- _The problem_
Scan the records below for the line containing "(nat \<Rightarrow> 'g) \<Rightarrow> nat \<Rightarrow> (nat" and the line containing "definition Nseq where". Copy both, plus every line between, exactly.

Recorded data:

►

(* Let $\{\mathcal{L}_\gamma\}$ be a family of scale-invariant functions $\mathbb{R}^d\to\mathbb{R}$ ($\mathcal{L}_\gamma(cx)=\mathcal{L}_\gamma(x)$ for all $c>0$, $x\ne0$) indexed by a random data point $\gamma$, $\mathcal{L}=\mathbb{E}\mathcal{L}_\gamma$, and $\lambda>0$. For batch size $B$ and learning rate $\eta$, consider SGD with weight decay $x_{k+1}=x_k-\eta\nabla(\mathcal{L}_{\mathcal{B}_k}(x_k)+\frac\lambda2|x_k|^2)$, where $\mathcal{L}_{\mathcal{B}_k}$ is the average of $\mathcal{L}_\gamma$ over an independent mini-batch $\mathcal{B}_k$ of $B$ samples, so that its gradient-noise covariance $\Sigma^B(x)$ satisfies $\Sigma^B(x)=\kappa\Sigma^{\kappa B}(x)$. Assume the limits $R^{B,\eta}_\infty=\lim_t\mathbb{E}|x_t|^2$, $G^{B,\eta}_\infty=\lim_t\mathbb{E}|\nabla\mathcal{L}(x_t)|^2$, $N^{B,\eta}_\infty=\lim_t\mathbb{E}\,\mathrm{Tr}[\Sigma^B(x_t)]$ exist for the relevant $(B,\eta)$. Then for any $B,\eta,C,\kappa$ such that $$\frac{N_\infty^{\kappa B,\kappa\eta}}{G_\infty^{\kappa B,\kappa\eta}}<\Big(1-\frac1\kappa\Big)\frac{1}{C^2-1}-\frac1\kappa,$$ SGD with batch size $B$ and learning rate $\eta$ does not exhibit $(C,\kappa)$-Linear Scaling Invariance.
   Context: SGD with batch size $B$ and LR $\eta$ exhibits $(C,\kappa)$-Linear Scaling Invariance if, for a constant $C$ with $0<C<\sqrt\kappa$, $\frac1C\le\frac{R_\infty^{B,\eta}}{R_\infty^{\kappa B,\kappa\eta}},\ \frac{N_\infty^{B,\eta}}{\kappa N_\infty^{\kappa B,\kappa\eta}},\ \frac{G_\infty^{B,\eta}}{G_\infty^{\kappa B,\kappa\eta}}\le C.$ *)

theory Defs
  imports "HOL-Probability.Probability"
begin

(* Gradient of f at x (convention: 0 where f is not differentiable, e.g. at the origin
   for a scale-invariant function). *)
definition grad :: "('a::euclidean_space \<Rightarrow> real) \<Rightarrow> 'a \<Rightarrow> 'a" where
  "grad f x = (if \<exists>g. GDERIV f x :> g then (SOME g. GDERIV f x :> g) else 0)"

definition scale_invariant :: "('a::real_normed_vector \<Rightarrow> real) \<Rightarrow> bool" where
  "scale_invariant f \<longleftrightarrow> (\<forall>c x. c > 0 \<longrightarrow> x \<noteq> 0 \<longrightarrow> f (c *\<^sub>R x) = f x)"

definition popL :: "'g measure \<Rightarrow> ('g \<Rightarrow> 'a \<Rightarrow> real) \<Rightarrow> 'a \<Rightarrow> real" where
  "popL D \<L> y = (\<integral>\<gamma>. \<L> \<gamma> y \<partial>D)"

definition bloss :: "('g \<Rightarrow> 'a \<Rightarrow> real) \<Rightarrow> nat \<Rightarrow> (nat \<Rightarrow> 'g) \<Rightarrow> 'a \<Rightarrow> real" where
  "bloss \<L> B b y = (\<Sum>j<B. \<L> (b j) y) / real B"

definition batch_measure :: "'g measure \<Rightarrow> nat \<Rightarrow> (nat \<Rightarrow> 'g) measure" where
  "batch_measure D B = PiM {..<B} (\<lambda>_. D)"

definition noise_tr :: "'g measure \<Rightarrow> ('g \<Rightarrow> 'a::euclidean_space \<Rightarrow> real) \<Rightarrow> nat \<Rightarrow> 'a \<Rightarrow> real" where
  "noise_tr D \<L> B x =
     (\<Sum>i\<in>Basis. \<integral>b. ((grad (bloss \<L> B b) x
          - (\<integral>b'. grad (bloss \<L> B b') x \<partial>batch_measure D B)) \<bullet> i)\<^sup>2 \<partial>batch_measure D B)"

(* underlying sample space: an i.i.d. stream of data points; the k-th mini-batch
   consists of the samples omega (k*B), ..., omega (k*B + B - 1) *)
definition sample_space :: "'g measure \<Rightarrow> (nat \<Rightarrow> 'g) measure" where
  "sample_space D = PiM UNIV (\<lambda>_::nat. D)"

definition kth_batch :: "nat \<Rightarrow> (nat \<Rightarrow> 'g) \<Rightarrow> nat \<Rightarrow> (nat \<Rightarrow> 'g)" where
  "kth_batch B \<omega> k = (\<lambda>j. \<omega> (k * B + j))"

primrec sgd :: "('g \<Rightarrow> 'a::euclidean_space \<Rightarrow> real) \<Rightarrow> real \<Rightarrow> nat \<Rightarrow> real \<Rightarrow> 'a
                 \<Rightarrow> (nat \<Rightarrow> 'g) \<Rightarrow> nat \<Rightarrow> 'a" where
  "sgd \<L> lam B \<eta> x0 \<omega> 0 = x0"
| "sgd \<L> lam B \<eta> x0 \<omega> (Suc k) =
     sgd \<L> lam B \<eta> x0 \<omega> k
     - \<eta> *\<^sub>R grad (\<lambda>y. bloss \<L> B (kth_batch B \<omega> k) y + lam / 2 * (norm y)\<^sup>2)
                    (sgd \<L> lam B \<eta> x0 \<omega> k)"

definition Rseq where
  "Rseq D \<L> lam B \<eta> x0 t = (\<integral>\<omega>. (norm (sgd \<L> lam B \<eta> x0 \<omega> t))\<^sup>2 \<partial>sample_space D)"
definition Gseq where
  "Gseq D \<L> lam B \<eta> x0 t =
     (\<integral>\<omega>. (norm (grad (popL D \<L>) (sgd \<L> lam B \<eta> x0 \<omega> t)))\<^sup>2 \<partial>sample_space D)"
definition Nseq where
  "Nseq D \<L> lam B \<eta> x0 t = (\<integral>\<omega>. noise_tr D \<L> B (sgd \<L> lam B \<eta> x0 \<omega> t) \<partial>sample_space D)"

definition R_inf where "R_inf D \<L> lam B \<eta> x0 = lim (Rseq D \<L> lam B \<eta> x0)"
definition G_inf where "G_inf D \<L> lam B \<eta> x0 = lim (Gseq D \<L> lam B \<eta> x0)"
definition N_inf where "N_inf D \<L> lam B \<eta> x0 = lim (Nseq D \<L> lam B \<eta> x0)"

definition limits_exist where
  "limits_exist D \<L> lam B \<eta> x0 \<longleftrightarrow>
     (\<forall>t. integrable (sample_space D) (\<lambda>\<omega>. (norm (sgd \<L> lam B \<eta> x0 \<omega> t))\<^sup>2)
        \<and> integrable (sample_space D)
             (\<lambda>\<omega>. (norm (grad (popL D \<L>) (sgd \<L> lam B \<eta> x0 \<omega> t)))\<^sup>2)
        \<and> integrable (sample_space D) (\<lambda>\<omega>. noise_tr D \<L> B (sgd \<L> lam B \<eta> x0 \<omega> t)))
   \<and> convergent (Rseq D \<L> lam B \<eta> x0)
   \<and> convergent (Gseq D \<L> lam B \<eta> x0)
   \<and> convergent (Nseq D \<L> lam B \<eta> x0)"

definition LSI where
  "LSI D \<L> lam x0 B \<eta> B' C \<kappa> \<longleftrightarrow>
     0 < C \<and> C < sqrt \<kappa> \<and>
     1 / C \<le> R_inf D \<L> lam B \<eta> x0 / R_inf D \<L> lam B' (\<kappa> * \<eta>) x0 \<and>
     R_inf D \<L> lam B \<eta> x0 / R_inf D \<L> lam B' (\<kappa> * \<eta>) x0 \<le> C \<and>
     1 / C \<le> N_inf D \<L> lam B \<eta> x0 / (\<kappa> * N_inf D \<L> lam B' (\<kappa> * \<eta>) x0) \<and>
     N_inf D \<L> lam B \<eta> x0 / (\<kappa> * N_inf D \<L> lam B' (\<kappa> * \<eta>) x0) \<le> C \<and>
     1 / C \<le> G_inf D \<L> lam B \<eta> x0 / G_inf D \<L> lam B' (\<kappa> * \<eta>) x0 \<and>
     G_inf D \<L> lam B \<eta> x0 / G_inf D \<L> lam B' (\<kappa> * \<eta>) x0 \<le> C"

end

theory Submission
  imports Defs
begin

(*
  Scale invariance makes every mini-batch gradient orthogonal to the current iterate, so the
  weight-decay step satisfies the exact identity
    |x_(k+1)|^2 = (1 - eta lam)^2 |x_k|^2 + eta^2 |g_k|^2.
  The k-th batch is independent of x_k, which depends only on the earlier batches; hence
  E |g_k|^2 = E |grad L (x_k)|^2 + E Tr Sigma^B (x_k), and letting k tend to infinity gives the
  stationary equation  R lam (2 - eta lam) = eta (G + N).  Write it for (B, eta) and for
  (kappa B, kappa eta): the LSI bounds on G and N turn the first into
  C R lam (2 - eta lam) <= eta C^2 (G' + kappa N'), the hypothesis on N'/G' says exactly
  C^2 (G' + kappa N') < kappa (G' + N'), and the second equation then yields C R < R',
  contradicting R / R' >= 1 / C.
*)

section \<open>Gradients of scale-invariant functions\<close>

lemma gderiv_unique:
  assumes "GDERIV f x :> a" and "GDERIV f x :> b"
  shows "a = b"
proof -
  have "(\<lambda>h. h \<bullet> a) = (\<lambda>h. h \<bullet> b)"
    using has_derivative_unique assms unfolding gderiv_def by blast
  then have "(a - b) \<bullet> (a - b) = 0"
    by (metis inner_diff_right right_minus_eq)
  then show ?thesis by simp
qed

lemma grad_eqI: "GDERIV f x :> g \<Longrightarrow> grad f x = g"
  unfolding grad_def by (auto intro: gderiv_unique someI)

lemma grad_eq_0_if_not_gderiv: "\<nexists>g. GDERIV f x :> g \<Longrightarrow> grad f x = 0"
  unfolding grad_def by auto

◄
►

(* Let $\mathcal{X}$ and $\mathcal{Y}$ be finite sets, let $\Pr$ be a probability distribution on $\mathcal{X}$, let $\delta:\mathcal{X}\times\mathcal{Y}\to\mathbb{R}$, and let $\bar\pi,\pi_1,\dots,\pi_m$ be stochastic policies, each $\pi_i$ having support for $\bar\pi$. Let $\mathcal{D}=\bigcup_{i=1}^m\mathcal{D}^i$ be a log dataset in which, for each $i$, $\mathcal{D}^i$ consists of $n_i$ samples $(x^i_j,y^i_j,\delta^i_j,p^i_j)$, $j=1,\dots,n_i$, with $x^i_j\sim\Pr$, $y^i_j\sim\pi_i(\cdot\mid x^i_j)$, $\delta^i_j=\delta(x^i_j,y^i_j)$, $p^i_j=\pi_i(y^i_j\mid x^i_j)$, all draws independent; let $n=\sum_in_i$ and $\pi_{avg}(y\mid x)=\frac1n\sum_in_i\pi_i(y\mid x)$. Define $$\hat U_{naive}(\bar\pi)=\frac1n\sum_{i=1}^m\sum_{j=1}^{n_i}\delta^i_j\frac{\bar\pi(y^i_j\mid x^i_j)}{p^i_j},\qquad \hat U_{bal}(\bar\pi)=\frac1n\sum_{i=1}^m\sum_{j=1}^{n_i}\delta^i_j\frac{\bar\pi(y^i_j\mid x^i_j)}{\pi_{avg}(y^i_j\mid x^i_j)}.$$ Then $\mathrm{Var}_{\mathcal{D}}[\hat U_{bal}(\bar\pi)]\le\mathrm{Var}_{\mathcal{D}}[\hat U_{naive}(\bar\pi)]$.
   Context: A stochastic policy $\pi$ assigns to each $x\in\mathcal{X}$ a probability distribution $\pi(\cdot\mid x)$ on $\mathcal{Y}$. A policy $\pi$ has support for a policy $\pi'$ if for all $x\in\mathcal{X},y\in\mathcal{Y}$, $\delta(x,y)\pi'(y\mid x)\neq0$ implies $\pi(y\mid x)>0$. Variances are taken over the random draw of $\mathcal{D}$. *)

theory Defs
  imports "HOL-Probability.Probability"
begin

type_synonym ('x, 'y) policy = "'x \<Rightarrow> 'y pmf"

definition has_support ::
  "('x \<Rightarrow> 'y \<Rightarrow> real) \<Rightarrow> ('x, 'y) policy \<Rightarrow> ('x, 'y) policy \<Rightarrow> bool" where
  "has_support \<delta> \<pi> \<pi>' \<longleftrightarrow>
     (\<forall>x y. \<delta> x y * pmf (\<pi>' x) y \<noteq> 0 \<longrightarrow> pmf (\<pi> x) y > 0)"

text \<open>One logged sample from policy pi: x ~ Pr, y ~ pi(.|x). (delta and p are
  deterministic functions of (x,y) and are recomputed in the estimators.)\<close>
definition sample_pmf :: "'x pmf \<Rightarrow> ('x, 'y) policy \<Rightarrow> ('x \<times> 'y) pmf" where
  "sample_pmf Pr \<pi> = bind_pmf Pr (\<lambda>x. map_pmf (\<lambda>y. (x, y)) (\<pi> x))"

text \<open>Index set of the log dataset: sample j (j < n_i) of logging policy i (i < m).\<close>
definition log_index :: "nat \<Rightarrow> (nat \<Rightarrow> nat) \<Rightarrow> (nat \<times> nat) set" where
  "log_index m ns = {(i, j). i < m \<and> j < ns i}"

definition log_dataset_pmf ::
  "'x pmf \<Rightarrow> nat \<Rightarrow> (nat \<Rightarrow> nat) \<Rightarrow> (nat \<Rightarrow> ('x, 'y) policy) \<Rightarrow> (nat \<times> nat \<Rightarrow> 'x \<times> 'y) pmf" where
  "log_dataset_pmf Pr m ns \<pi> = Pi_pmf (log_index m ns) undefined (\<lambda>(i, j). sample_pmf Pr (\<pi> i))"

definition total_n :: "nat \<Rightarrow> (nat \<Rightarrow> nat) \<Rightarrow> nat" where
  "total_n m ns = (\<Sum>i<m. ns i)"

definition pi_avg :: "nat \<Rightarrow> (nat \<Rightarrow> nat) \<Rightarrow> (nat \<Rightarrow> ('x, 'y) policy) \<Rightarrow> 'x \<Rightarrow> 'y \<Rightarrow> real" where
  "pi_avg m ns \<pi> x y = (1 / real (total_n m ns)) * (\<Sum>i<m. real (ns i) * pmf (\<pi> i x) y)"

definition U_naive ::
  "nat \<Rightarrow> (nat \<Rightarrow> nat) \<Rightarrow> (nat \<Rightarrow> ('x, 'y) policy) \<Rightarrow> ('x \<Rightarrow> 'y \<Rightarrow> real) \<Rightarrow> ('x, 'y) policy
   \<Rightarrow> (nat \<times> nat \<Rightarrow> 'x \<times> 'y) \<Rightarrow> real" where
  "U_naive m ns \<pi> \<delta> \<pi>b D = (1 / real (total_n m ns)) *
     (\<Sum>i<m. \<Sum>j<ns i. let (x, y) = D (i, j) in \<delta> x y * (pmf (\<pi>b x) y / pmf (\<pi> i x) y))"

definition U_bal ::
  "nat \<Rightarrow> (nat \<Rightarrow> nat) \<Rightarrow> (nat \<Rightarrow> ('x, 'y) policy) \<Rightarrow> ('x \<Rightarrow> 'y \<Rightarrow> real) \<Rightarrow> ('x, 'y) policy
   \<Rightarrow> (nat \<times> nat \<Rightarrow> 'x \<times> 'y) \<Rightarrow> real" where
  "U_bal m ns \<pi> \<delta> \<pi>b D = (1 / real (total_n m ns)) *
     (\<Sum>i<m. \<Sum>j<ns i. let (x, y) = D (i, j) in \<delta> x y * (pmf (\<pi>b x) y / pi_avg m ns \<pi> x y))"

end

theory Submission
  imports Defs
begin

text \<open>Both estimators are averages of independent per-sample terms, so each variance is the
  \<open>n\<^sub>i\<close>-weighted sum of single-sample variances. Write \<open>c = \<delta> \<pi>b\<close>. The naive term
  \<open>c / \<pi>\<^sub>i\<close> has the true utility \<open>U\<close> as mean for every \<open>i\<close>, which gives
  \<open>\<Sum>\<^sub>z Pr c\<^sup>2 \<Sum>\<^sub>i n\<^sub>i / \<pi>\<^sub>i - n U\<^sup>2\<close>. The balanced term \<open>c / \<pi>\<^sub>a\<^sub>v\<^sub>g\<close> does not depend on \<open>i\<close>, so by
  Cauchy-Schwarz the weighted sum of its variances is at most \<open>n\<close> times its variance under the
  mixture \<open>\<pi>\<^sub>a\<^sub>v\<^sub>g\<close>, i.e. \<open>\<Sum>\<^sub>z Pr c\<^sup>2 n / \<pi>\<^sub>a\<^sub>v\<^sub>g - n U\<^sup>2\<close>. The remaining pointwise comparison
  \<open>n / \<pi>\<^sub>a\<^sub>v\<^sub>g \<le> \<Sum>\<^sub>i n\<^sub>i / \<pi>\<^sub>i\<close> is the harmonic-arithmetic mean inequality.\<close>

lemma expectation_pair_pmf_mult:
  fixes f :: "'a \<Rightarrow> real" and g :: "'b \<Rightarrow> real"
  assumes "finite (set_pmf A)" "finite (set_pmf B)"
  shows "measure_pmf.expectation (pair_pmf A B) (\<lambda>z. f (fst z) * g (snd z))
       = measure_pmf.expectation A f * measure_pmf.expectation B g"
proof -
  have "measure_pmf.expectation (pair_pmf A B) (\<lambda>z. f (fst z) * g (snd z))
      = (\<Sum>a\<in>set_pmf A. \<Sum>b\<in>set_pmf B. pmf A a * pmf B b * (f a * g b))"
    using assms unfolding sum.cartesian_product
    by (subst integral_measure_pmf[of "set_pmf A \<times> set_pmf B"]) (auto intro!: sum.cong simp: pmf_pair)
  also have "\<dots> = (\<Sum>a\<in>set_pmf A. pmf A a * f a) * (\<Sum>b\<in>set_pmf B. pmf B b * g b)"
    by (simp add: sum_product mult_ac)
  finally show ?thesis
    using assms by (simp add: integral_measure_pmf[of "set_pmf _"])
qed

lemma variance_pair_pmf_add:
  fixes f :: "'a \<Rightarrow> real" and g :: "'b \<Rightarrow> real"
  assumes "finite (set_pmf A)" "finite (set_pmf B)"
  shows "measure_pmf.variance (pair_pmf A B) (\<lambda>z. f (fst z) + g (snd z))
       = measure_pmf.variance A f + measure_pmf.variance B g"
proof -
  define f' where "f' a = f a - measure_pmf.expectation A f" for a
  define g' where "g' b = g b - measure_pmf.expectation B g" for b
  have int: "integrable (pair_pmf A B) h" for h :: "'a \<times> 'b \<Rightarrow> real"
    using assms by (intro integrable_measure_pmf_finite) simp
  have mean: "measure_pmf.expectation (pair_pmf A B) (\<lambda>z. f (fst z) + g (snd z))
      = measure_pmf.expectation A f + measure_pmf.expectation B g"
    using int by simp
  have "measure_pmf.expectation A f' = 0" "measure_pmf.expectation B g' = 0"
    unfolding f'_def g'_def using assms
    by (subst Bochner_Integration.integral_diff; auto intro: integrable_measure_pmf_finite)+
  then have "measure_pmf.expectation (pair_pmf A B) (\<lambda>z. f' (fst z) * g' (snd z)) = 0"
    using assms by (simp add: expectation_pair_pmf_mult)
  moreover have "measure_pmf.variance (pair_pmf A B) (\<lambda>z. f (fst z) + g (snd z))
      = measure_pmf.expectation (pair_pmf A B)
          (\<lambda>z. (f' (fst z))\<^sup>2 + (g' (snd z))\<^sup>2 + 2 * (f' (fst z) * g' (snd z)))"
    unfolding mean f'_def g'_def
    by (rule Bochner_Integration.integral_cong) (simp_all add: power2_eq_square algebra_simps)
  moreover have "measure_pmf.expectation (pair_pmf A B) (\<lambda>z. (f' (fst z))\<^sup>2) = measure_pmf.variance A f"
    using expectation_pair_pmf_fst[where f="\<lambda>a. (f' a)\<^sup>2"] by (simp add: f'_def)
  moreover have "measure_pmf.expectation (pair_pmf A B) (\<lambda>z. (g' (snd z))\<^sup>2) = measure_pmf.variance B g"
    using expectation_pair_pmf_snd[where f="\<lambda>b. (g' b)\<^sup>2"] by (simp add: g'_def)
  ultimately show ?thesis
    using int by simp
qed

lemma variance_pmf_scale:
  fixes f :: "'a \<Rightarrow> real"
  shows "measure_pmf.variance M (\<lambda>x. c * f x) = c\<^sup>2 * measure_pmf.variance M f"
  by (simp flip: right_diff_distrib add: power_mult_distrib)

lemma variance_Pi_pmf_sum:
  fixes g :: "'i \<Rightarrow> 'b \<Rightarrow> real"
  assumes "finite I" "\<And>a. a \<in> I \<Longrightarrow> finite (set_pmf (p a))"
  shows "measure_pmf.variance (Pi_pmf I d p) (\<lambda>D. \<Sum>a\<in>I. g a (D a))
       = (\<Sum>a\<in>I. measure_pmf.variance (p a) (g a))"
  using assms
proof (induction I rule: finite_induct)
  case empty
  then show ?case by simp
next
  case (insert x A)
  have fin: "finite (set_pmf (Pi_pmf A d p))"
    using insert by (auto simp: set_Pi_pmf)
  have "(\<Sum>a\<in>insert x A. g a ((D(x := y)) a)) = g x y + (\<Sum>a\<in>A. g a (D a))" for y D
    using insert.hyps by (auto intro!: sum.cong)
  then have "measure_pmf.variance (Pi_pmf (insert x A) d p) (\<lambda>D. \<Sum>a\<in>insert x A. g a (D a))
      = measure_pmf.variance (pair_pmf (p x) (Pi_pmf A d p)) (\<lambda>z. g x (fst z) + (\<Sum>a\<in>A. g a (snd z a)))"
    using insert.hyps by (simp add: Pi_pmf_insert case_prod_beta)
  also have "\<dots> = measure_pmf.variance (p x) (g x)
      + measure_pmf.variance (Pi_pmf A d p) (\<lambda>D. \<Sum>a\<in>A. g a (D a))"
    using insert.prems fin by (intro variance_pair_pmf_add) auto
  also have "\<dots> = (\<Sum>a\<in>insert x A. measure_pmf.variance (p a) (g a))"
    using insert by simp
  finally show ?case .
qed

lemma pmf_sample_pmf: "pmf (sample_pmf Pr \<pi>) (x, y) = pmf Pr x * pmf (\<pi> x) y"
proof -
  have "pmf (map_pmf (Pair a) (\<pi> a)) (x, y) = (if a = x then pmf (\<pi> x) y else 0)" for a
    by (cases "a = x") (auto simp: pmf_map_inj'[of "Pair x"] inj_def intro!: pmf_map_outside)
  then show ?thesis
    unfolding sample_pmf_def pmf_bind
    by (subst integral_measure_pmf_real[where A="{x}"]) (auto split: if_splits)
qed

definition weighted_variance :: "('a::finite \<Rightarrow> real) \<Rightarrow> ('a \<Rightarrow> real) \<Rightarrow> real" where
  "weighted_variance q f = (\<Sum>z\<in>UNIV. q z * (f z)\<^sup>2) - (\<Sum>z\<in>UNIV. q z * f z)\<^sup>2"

◄

- _Response to the task_
definition kth_batch :: "nat \<Rightarrow> (nat \<Rightarrow> 'g) \<Rightarrow> nat \<Rightarrow> (nat \<Rightarrow> 'g)" where
  "kth_batch B \<omega> k = (\<lambda>j. \<omega> (k * B + j))"

primrec sgd :: "('g \<Rightarrow> 'a::euclidean_space \<Rightarrow> real) \<Rightarrow> real \<Rightarrow> nat \<Rightarrow> real \<Rightarrow> 'a
                 \<Rightarrow> (nat \<Rightarrow> 'g) \<Rightarrow> nat \<Rightarrow> 'a" where
  "sgd \<L> lam B \<eta> x0 \<omega> 0 = x0"
| "sgd \<L> lam B \<eta> x0 \<omega> (Suc k) =
     sgd \<L> lam B \<eta> x0 \<omega> k
     - \<eta> *\<^sub>R grad (\<lambda>y. bloss \<L> B (kth_batch B \<omega> k) y + lam / 2 * (norm y)\<^sup>2)
                    (sgd \<L> lam B \<eta> x0 \<omega> k)"

definition Rseq where
  "Rseq D \<L> lam B \<eta> x0 t = (\<integral>\<omega>. (norm (sgd \<L> lam B \<eta> x0 \<omega> t))\<^sup>2 \<partial>sample_space D)"
definition Gseq where
  "Gseq D \<L> lam B \<eta> x0 t =
     (\<integral>\<omega>. (norm (grad (popL D \<L>) (sgd \<L> lam B \<eta> x0 \<omega> t)))\<^sup>2 \<partial>sample_space D)"
definition Nseq where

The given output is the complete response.